*** Opening MATERIAL FOR THIS EXERCISE ***

lemma star_eq_if_lin_comb_ge_star_bound:
  assumes "a + b \<le> 1"
    and "C * (a * F K powr \<alpha> + b * F L powr \<alpha>) powr (1/\<alpha>) \<le> F (lin_comb a K b L)"
  shows "F (lin_comb (1 - u) K u L) = C * ((1 - u) * F K powr \<alpha> + u * F L powr \<alpha>) powr (1/\<alpha>)"
proof -
  have "(a + b) powr (1/\<alpha>) * (C * ((1 - u) * F K powr \<alpha> + u * F L powr \<alpha>) powr (1/\<alpha>))
          \<le> (a + b) powr (1/\<alpha>) * F (lin_comb (1 - u) K u L)"
    unfolding star_bound_scaled using assms F_lin_comb_le_scaled by (meson order_trans)
  then have "C * ((1 - u) * F K powr \<alpha> + u * F L powr \<alpha>) powr (1/\<alpha>) \<le> F (lin_comb (1 - u) K u L)"
    using a b by simp
  then show ?thesis using star_le[OF normalized_weight_bounds] by simp
qed

lemma lin_comb_less_star_bound:
  assumes SSH: "strictly_super_homogeneous_on \<A> F \<alpha>" and "0 < C" "0 < F K" "a + b < 1"
  shows "F (lin_comb a K b L) < C * (a * F K powr \<alpha> + b * F L powr \<alpha>) powr (1/\<alpha>)"
proof (cases "0 < F (lin_comb a K b L)")
  case True
  have "F (lin_comb a K b L) < (a + b) powr (1/\<alpha>) * F (lin_comb (1 - u) K u L)"
    using True a b assms unfolding lin_comb_eq_scaleR_normalized
    by (intro strictly_super_homogeneous_on_shrink[OF SSH lin_comb_in])
       (auto simp: lin_comb_eq_scaleR_normalized[symmetric] lin_comb_in)
  also have "\<dots> \<le> (a + b) powr (1/\<alpha>) * (C * ((1 - u) * F K powr \<alpha> + u * F L powr \<alpha>) powr (1/\<alpha>))"
    using star_le[OF normalized_weight_bounds] by (simp add: mult_left_mono)
  also have "\<dots> = C * (a * F K powr \<alpha> + b * F L powr \<alpha>) powr (1/\<alpha>)"
    by (rule star_bound_scaled)
  finally show ?thesis .
next
  case False
  have "0 < a * F K powr \<alpha> + b * F L powr \<alpha>" using assms a b by (simp add: add_pos_nonneg)
  then show ?thesis using False \<open>0 < C\<close> by (simp add: not_less order_le_less_trans)
qed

*** Closing MATERIAL FOR THIS EXERCISE ***

[EXERCISE BRIEF] For this exercise, set down all of the entries again word for word.

[RESULT]
lemma star_eq_if_lin_comb_ge_star_bound:
  assumes "a + b \<le> 1"
    and "C * (a * F K powr \<alpha> + b * F L powr \<alpha>) powr (1/\<alpha>) \<le> F (lin_comb a K b L)"
  shows "F (lin_comb (1 - u) K u L) = C * ((1 - u) * F K powr \<alpha> + u * F L powr \<alpha>) powr (1/\<alpha>)"
proof -
  have "(a + b) powr (1/\<alpha>) * (C * ((1 - u) * F K powr \<alpha> + u * F L powr \<alpha>) powr (1/\<alpha>))
          \<le> (a + b) powr (1/\<alpha>) * F (lin_comb (1 - u) K u L)"
    unfolding star_bound_scaled using assms F_lin_comb_le_scaled by (meson order_trans)
  then have "C * ((1 - u) * F K powr \<alpha> + u * F L powr \<alpha>) powr (1/\<alpha>) \<le> F (lin_comb (1 - u) K u L)"
    using a b by simp
  then show ?thesis using star_le[OF normalized_weight_bounds] by simp
qed

lemma lin_comb_less_star_bound:
  assumes SSH: "strictly_super_homogeneous_on \<A> F \<alpha>" and "0 < C" "0 < F K" "a + b < 1"
  shows "F (lin_comb a K b L) < C * (a * F K powr \<alpha> + b * F L powr \<alpha>) powr (1/\<alpha>)"
proof (cases "0 < F (lin_comb a K b L)")
  case True
  have "F (lin_comb a K b L) < (a + b) powr (1/\<alpha>) * F (lin_comb (1 - u) K u L)"
    using True a b assms unfolding lin_comb_eq_scaleR_normalized
    by (intro strictly_super_homogeneous_on_shrink[OF SSH lin_comb_in])
       (auto simp: lin_comb_eq_scaleR_normalized[symmetric] lin_comb_in)
  also have "\<dots> \<le> (a + b) powr (1/\<alpha>) * (C * ((1 - u) * F K powr \<alpha> + u * F L powr \<alpha>) powr (1/\<alpha>))"
    using star_le[OF normalized_weight_bounds] by (simp add: mult_left_mono)
  also have "\<dots> = C * (a * F K powr \<alpha> + b * F L powr \<alpha>) powr (1/\<alpha>)"
    by (rule star_bound_scaled)
  finally show ?thesis .
next
  case False
  have "0 < a * F K powr \<alpha> + b * F L powr \<alpha>" using assms a b by (simp add: add_pos_nonneg)
  then show ?thesis using False \<open>0 < C\<close> by (simp add: not_less order_le_less_trans)
qed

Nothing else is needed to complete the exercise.